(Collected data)
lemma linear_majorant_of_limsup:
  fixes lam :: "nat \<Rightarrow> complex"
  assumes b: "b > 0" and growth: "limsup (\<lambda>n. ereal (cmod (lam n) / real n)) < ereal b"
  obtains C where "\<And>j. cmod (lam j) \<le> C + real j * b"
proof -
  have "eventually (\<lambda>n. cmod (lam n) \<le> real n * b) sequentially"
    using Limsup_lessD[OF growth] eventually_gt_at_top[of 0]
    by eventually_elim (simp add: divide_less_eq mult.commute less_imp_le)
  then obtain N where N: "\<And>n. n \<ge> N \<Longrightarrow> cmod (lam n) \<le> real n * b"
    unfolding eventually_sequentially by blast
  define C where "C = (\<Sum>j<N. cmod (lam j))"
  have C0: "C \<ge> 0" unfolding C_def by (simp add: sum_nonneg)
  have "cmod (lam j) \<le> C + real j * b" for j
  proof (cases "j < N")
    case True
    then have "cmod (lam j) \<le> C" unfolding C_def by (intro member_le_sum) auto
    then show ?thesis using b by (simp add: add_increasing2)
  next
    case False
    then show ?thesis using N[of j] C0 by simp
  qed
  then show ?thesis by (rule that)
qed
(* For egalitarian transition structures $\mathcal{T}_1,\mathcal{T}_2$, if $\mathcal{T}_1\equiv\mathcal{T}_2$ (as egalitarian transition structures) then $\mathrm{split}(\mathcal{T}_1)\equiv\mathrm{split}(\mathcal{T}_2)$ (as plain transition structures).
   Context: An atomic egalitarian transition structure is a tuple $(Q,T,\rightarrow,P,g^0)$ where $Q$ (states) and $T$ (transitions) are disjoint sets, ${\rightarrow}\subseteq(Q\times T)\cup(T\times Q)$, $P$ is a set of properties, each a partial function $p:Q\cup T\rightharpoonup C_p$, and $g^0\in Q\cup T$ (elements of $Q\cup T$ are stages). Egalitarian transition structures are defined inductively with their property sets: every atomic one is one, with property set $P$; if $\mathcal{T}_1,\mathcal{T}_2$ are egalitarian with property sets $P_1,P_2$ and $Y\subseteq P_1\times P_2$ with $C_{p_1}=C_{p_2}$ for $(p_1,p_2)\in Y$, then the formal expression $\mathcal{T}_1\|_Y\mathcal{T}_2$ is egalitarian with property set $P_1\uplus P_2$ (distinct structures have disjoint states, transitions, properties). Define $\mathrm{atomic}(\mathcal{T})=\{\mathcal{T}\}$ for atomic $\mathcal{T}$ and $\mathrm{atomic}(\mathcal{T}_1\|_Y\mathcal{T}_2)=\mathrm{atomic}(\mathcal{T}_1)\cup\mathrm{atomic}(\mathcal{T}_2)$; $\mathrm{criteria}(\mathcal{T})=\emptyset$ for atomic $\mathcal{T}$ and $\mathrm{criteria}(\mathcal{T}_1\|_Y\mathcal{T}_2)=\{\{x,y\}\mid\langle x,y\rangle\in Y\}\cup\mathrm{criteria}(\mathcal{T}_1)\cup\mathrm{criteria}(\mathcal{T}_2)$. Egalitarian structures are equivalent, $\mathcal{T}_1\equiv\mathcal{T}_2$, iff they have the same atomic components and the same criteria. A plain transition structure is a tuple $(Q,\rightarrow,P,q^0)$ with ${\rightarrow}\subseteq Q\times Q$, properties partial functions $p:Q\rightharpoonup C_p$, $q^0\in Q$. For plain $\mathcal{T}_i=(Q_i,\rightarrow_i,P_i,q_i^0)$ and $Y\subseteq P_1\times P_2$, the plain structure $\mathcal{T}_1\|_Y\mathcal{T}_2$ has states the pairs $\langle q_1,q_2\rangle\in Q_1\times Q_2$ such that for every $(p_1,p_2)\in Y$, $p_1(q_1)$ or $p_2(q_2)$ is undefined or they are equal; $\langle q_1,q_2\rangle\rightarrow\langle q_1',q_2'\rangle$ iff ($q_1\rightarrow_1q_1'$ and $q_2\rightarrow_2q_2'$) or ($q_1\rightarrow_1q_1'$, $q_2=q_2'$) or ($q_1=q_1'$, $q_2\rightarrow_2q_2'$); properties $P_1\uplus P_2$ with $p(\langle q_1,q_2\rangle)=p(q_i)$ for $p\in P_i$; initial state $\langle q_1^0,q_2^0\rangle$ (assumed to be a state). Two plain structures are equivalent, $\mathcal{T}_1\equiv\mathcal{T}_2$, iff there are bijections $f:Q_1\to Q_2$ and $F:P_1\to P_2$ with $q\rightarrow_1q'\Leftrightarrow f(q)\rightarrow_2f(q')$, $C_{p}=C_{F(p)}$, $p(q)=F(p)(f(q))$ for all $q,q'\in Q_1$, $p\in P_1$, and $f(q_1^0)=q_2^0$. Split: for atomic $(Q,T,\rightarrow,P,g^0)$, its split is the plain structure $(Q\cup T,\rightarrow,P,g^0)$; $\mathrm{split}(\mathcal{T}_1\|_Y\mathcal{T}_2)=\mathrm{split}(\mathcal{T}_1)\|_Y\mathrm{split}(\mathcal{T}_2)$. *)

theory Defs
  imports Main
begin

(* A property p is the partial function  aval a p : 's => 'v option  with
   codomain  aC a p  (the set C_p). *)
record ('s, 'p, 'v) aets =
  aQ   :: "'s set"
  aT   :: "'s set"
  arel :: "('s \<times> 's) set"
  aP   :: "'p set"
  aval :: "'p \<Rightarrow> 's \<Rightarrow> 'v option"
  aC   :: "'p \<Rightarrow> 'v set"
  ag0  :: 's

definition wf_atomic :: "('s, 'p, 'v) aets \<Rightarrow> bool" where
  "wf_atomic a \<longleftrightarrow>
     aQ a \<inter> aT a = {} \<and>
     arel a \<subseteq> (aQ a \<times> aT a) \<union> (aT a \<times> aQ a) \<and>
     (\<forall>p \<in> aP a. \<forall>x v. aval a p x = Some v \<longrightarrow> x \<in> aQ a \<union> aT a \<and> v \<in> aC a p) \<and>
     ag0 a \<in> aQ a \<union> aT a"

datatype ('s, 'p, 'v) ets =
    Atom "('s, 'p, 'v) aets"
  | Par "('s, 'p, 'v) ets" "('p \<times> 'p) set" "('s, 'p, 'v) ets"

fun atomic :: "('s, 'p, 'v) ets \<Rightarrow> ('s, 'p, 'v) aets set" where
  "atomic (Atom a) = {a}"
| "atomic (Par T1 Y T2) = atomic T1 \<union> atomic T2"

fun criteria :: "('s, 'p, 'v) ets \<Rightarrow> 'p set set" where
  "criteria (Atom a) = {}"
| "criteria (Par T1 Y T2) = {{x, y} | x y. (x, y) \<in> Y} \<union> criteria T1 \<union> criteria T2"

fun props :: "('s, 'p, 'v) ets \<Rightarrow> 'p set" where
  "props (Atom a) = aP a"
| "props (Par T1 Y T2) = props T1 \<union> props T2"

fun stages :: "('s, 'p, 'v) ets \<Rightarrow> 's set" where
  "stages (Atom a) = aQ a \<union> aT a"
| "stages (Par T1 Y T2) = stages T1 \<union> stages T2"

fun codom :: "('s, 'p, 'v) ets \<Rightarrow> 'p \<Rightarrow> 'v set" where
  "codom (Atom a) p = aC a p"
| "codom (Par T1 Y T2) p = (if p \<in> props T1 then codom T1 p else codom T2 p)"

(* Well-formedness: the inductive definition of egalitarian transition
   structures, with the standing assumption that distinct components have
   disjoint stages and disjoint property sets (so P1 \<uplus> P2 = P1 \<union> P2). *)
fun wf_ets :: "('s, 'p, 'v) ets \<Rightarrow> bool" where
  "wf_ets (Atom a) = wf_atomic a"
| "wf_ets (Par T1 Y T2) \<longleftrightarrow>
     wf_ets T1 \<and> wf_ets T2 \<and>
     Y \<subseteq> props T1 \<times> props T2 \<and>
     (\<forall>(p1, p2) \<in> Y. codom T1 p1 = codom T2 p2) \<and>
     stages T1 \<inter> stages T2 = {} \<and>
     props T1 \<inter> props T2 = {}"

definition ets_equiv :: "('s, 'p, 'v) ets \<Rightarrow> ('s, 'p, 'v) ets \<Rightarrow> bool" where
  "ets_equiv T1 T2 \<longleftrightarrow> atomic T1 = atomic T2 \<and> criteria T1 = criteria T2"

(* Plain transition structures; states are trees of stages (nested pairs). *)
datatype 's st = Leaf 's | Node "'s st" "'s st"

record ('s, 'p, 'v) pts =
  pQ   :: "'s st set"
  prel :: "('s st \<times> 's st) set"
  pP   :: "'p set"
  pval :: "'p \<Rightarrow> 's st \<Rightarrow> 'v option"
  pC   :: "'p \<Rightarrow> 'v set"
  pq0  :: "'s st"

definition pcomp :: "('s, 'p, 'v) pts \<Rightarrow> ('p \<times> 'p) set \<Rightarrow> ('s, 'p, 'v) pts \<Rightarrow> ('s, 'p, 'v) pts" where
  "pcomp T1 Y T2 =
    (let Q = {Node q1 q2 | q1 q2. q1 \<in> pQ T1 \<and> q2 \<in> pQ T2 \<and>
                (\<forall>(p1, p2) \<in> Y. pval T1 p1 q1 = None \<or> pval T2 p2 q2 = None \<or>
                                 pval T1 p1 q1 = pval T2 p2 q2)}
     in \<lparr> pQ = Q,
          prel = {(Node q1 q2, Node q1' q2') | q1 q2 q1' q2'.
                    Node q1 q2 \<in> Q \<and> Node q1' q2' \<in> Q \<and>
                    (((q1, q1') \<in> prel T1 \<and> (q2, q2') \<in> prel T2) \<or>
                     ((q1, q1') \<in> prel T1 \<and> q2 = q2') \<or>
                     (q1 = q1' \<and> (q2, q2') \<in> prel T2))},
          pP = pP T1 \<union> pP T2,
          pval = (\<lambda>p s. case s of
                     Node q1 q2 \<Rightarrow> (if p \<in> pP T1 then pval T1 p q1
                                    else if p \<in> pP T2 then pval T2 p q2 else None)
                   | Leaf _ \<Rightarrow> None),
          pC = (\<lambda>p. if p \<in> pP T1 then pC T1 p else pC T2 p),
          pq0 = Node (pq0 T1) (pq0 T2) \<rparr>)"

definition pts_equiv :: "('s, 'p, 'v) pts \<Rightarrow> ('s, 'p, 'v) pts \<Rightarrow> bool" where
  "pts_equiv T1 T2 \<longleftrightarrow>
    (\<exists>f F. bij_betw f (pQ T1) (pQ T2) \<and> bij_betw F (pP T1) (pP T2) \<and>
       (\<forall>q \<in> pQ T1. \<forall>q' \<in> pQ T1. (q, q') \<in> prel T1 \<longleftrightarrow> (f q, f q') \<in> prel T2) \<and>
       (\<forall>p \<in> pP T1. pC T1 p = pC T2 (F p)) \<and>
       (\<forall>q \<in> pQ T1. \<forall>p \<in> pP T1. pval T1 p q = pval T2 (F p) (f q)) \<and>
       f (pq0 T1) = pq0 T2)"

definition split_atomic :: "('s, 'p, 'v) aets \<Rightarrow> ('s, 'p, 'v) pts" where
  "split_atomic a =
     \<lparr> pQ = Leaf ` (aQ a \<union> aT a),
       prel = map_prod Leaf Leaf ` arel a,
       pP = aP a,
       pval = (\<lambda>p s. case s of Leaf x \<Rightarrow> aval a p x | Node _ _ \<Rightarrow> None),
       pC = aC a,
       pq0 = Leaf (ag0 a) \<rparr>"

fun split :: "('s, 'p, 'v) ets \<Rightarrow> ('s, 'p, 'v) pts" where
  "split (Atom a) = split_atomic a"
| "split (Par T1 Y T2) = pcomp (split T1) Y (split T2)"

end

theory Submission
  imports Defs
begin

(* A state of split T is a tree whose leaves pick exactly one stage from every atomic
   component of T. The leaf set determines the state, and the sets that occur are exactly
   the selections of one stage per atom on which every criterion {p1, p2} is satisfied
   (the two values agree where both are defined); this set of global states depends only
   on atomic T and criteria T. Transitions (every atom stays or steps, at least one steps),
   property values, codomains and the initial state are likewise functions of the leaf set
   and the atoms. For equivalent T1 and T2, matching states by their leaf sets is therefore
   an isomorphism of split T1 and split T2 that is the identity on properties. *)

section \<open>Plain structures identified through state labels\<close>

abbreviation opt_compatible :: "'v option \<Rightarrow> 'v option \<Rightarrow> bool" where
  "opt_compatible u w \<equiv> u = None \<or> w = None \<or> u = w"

▶ [What is being asked]: Lines containing the word "aval" must be found in the data above and copied.

▶ [Answer area]:
(* A property p is the partial function  aval a p : 's => 'v option  with
  aval :: "'p \<Rightarrow> 's \<Rightarrow> 'v option"
     (\<forall>p \<in> aP a. \<forall>x v. aval a p x = Some v \<longrightarrow> x \<in> aQ a \<union> aT a \<and> v \<in> aC a p) \<and>
       pval = (\<lambda>p s. case s of Leaf x \<Rightarrow> aval a p x | Node _ _ \<Rightarrow> None),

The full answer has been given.